The Supreme Court ruled in a 5-4 decision that imposing a mandatory life sentence on juveniles violated the Constitution’s ban on cruel and unusual punishment.
There are currently seven inmates in Minnesota prisons who were sentenced to life without parole for murders they committed while they were teens, ages ranging from 15-17.
One of the Minnesota cases that will be up for review is that Mahdi Hassan Ali, now 19, who was convicted of killing three people at a Minneapolis convenience store in January 2010, when he was 17.
On chilling surveillance video from the Seward Market, Ali can be seen shooting and killing three men. Ali was convicted and sentenced to a mandatory sentence of life without parole.

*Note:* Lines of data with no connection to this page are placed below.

(* Let $n\ge3$, $\ell\in\{1,\dots,n-2\}$, and let $K^\pm_\ell$ be as defined below. Then $$(K^\pm_\ell)^2=\big(\Gamma_{[\ell+2]}-\Gamma_{[\ell+1]}\pm\Gamma_{\{\ell+2\}}\pm\tfrac12\big)\big(\Gamma_{[\ell+2]}+\Gamma_{[\ell+1]}\pm\Gamma_{\{\ell+2\}}\mp\tfrac12\big)\big(\Gamma_{[\ell]}-\Gamma_{[\ell+1]}\pm\Gamma_{\{\ell+1\}}\pm\tfrac12\big)\big(\Gamma_{[\ell]}+\Gamma_{[\ell+1]}\pm\Gamma_{\{\ell+1\}}\mp\tfrac12\big),$$ with the upper signs taken throughout for $K^+_\ell$ and the lower signs throughout for $K^-_\ell$.
   Context: Fix $n\ge1$ and real parameters $\mu_1,\dots,\mu_n>0$; write $[\ell]=\{1,\dots,\ell\}$. For $i\in[n]$, $r_i$ is the reflection $(r_if)(x)=f(x_1,\dots,-x_i,\dots,x_n)$ and $T_i=\partial_{x_i}+\frac{\mu_i}{x_i}(1-r_i)$. $\mathcal{C}\ell_n$ is generated by $e_1,\dots,e_n$ with $e_ie_j+e_je_i=-2\delta_{ij}$, $V$ is a fixed left $\mathcal{C}\ell_n$-module, and operators act on $\mathcal{P}(\mathbb{R}^n)\otimes V$ with $x_i,T_i,r_i$ acting on the polynomial factor and $e_i$ on $V$. For $A\subseteq[n]$: $\underline{D}_A=\sum_{i\in A}e_iT_i$, $\underline{x}_A=\sum_{i\in A}e_ix_i$, $\underline{S}_A=\frac12([\underline{x}_A,\underline{D}_A]-1)$, $\Gamma_A=\underline{S}_A\prod_{i\in A}r_i$ (empty sums $0$, empty products $1$); note $\Gamma_{\{k\}}=\mu_k$. For $\ell\in\{1,\dots,n-2\}$: $K^\pm_\ell=(\Gamma_{\{\ell+1,\ell+2\}}\pm\Gamma_{[\ell+2]\setminus\{\ell+1\}})(\Gamma_{[\ell+1]}\mp\frac12)-(\Gamma_{\{\ell+2\}}\pm\Gamma_{[\ell+2]})(\Gamma_{[\ell]}\pm\Gamma_{\{\ell+1\}})$. *)

theory Defs
  imports "HOL-Analysis.Analysis"
begin

text \<open>Points of R^n are functions nat => real; only coordinates 1..n matter.
  Elements of P(R^n) (x) V are V-valued polynomial functions.\<close>

type_synonym 'v fn = "(nat \<Rightarrow> real) \<Rightarrow> 'v"
type_synonym 'v oper = "'v fn \<Rightarrow> 'v fn"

At the time, Hennepin County Judge Peter Cahill told Ali, “I’m sure it’s no surprise to you that you will be spending the rest of your life in prison.”

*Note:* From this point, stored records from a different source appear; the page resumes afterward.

lemma peval_poly_mult: "peval (k + l) (poly_mult k l g h) x = peval k g x * peval l h x"
proof -
  have "peval k g x * peval l h x = (\<Sum>(p, q)\<in>Exps k \<times> Exps l. g p * h q * monom x (p + q))"
    unfolding peval_def sum_product sum.cartesian_product by (simp add: monom_add mult_ac)
  also have "\<dots> = (\<Sum>s\<in>Exps (k + l). \<Sum>(p, q)\<in>{(p, q) \<in> Exps k \<times> Exps l. p + q = s}. g p * h q * monom x s)"
    by (subst sum.group[of "Exps k \<times> Exps l" "Exps (k + l)" "\<lambda>(p, q). p + q", symmetric])
      (auto simp: split_def intro!: sum.cong, auto simp: Exps_def)
  also have "\<dots> = peval (k + l) (poly_mult k l g h) x"
    unfolding peval_def poly_mult_def sum_distrib_right case_prod_unfold ..
  finally show ?thesis ..
qed

lemma lex_add_eq_imp_eq:
  fixes p q p' q' :: "nat \<times> nat"
  assumes "p \<le> p'" "q \<le> q'" "p + q = p' + q'"
  shows "p = p'" "q = q'"
  using assms by (auto simp: less_eq_prod_def prod_eq_iff)

(* The lexicographically largest exponents of g and h give the only nonzero term at their sum. *)
lemma poly_mult_nonzero:
  assumes "\<exists>p\<in>Exps k. g p \<noteq> 0" "\<exists>q\<in>Exps l. h q \<noteq> 0"
  shows "\<exists>s\<in>Exps (k + l). poly_mult k l g h s \<noteq> 0"
proof -
  define P where "P = {p \<in> Exps k. g p \<noteq> 0}"
  define Q where "Q = {q \<in> Exps l. h q \<noteq> 0}"
  define s where "s = Max P + Max Q"
  have "finite P" "P \<noteq> {}" "finite Q" "Q \<noteq> {}"
    using assms by (auto simp: P_def Q_def)
  then have MP: "Max P \<in> P" and MQ: "Max Q \<in> Q" by simp_all
  have leading: "(p, q) = (Max P, Max Q)"
    if "(p, q) \<in> {(p, q) \<in> Exps k \<times> Exps l. p + q = s}" "g p * h q \<noteq> 0" for p q
  proof -
    have "p \<in> P" "q \<in> Q" using that by (auto simp: P_def Q_def)
    then have "p \<le> Max P" "q \<le> Max Q" using \<open>finite P\<close> \<open>finite Q\<close> by simp_all
    with that(1) show ?thesis using lex_add_eq_imp_eq[of p "Max P" q "Max Q"] by (simp add: s_def)
  qed
  have "poly_mult k l g h s = (\<Sum>(p, q)\<in>{(Max P, Max Q)}. g p * h q)"
    unfolding poly_mult_def using MP MQ leading
    by (intro sum.mono_neutral_right) (auto simp: P_def Q_def s_def intro: finite_subset[of _ "Exps k \<times> Exps l"])
  also have "\<dots> \<noteq> 0" using MP MQ by (simp add: P_def Q_def)
  finally have "poly_mult k l g h s \<noteq> 0" .
  moreover have "s \<in> Exps (k + l)" using MP MQ by (simp add: s_def P_def Q_def add_mem_Exps)
  ultimately show ?thesis by blast
qed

Fred Goetz, Ali’s defense attorney, argued at the trial that the mandatory life sentence was a cruel and unusual punishment. Now his argument has been vindicated by the highest court in the nation.
“I think the Supreme Court got it absolutely right,” he said. “You have to consider the individual circumstances of the case, the juvenile’s age, their environment, the nature of the crime.”
David Brown, a senior attorney for the Hennepin County Attorney’s Office, said the Supreme Court ruling will be difficult to stomach for victim’s families.
“They’re all thinking that these cases were complete, and now they have to go back through the trauma of potential sentencing hearings,” he said.
At the Seward Market Tuesday, men who said they were friends and relatives of Ali’s victims were not pleased by the Supreme Court ruling. They said Ali’s life sentence was fair. The men did not want to give their names.
Ali and other convicted murderers could now be sentenced to life with the possibility of parole, which means they could get out after 30 years. But prosecutors stress no parole sentences can still happen.
“The Supreme Court didn’t eliminate the possibility of life without parole sentences,” Brown said. “What they said is that it cannot be automatic.”